[Items from a dataset]
· · ·
(* Let $\mathcal R$ be a set of existential rules in which every rule body has at most $b$ atoms, let $\mathrm{X}\in\{\mathbf{O},\mathbf{SO},\mathbf{R},\mathbf{E}\}$, and let $\mathcal D$ be an $\mathrm{X}$-chase derivation from a factbase $F$ and $\mathcal R$. Then for any atom $A$ of rank $k$ in $\mathcal D$, $|F\cap \mathit{Anc}(A,\mathcal D)|\le b^k$; and for any trigger $(R,\pi)$ of rank $k$ in $\mathcal D$, $|F\cap \mathit{Anc}((R,\pi),\mathcal D)|\le b^k$.
   Context: First-order setting with constants and variables but no function symbols; a factbase is a set of atoms; a homomorphism from a set of atoms $A$ to $B$ is a substitution $\pi$ of variables of $A$ by terms of $B$ with $\pi(A)\subseteq B$. An existential rule $R=(B,H)$ is $\forall\bar x\forall\bar y(B(\bar x,\bar y)\to\exists\bar z\,H(\bar x,\bar z))$, frontier $\bar x$. A trigger $(R,\pi)$ on $F$ has $\pi:B\to F$ a homomorphism; $\pi^s$ extends $\pi$ by mapping each existential variable $z$ to a fresh variable $z_{(R,\pi)}$; $F\cup\pi^s(H)$ is the immediate derivation. A derivation from $F$ and $\mathcal R$ is a sequence $D_0=(\emptyset,\emptyset,F)$, $D_i=(R_i,\pi_i,F_i)$ with $F_i$ the immediate derivation from $F_{i-1}$ through $(R_i,\pi_i)$ and pairwise distinct triggers. Applicability (for a derivation with last factbase $F_n$ and $R=(B,H)$): $\mathbf{O}$: $\pi:B\to F_n$ homomorphism; $\mathbf{SO}$: additionally no earlier trigger $(R,\pi')$ with $\pi'$ equal to $\pi$ on the frontier; $\mathbf{R}$: $\pi$ does not extend to a homomorphism $B\cup H\to F_n$; $\mathbf{E}$: $F_n\not\equiv F_n\cup\pi^s(H)$. An $\mathrm{X}$-chase derivation is a derivation in which each trigger is $\mathrm{X}$-applicable on its prefix (for $\mathbf{E}$, additionally $\mathbf{E}$-breadth-first, i.e. triggers in non-decreasing rank and each rank completed before the next). Rank: atoms of $F$ have rank 0; another atom $A$ has rank $1+\max_{A'\in\pi(B)}\mathrm{rank}(A')$ where $(R,\pi)$ is the first trigger with $A\in\pi^s(H)$; a trigger $(R,\pi)$ has rank $1+\max_{A'\in\pi(B)}\mathrm{rank}(A')$. Ancestors: for $D_i=(R_i,\pi_i,F_i)$, every atom of $\pi_i(B_i)$ is a direct ancestor of every atom of $F_i\setminus F_{i-1}$; the ancestor relation is the transitive closure. For $j<i$, $(R_j,\pi_j)$ is a direct ancestor of $(R_i,\pi_i)$ if some atom of $F_j\setminus F_{j-1}$ is a direct ancestor of the atoms of $F_i\setminus F_{i-1}$, extended transitively. $\mathit{Anc}(A,\mathcal D)$ and $\mathit{Anc}((R,\pi),\mathcal D)$ denote the sets of (atom) ancestors of an atom and of a trigger. *)

theory Defs
  imports Main
begin

datatype ('c, 'v) trm = Const 'c | Var 'v

type_synonym ('p, 'c, 'v) atom = "'p \<times> ('c, 'v) trm list"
· · ·
__Task details__
Give an exact copy of every line from the one holding "datatype ('c, 'v) trm = Const 'c | Var 'v" through the end of the records, both included, and no other lines.

__Task response__
datatype ('c, 'v) trm = Const 'c | Var 'v

type_synonym ('p, 'c, 'v) atom = "'p \<times> ('c, 'v) trm list"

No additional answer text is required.